Exercise prompt → Look in the material below for the line with "unfolding \<gamma>_def has_vector_derivative_def" and the line with "using assms(2,3) by", then set down exactly those two lines and all lines between, nothing more.

Input records →
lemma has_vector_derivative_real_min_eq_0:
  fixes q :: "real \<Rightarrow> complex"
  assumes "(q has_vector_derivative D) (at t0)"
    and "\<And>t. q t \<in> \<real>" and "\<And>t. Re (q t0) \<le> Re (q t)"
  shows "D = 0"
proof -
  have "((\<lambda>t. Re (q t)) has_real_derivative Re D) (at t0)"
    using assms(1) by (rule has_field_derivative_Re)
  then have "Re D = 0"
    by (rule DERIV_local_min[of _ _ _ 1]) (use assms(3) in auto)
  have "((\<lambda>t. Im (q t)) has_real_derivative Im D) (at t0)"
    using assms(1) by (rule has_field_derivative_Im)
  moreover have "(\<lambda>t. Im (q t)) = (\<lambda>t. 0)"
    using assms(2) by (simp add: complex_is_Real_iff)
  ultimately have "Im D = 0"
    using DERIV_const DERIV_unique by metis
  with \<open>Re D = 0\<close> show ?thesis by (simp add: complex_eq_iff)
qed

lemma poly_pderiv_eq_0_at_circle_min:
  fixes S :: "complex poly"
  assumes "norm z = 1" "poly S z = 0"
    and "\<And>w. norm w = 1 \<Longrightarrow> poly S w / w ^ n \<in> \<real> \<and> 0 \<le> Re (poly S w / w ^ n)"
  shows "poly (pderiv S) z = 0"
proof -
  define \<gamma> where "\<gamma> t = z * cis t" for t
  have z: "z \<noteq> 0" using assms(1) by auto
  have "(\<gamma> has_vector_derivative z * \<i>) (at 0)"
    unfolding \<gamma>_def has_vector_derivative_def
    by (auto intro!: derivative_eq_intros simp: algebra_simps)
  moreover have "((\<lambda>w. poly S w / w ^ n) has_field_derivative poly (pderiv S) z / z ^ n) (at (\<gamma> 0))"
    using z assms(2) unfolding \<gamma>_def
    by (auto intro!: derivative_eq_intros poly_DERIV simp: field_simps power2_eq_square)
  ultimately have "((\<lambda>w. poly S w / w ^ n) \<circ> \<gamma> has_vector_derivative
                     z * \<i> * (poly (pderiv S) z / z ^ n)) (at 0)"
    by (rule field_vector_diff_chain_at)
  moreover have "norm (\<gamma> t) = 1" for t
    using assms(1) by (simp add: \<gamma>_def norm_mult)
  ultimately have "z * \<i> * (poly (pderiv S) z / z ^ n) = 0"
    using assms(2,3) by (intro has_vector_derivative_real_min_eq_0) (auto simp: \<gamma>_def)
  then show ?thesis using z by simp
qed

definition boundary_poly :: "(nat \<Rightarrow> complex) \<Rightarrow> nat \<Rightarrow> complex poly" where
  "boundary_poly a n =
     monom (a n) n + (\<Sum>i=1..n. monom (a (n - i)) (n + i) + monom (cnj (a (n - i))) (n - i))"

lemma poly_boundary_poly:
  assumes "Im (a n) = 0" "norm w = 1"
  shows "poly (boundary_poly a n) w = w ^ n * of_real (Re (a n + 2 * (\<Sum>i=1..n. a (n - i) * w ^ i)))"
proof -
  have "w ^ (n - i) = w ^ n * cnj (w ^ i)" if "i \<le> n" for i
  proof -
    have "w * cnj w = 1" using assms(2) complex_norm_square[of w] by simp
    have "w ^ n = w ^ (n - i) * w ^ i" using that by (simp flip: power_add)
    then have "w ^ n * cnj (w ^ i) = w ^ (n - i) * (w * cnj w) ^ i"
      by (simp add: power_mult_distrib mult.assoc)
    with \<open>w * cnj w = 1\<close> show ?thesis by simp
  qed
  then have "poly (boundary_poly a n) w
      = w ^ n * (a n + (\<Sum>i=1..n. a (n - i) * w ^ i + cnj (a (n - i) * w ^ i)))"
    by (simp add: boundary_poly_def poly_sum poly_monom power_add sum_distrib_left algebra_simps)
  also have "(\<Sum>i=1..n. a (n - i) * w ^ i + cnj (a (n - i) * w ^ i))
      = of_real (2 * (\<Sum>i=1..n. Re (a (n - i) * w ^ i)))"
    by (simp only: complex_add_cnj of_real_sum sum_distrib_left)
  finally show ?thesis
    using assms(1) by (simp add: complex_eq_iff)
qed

Task response →
    unfolding \<gamma>_def has_vector_derivative_def
    by (auto intro!: derivative_eq_intros simp: algebra_simps)
  moreover have "((\<lambda>w. poly S w / w ^ n) has_field_derivative poly (pderiv S) z / z ^ n) (at (\<gamma> 0))"
    using z assms(2) unfolding \<gamma>_def
    by (auto intro!: derivative_eq_intros poly_DERIV simp: field_simps power2_eq_square)
  ultimately have "((\<lambda>w. poly S w / w ^ n) \<circ> \<gamma> has_vector_derivative
                     z * \<i> * (poly (pderiv S) z / z ^ n)) (at 0)"
    by (rule field_vector_diff_chain_at)
  moreover have "norm (\<gamma> t) = 1" for t
    using assms(1) by (simp add: \<gamma>_def norm_mult)
  ultimately have "z * \<i> * (poly (pderiv S) z / z ^ n) = 0"
    using assms(2,3) by (intro has_vector_derivative_real_min_eq_0) (auto simp: \<gamma>_def)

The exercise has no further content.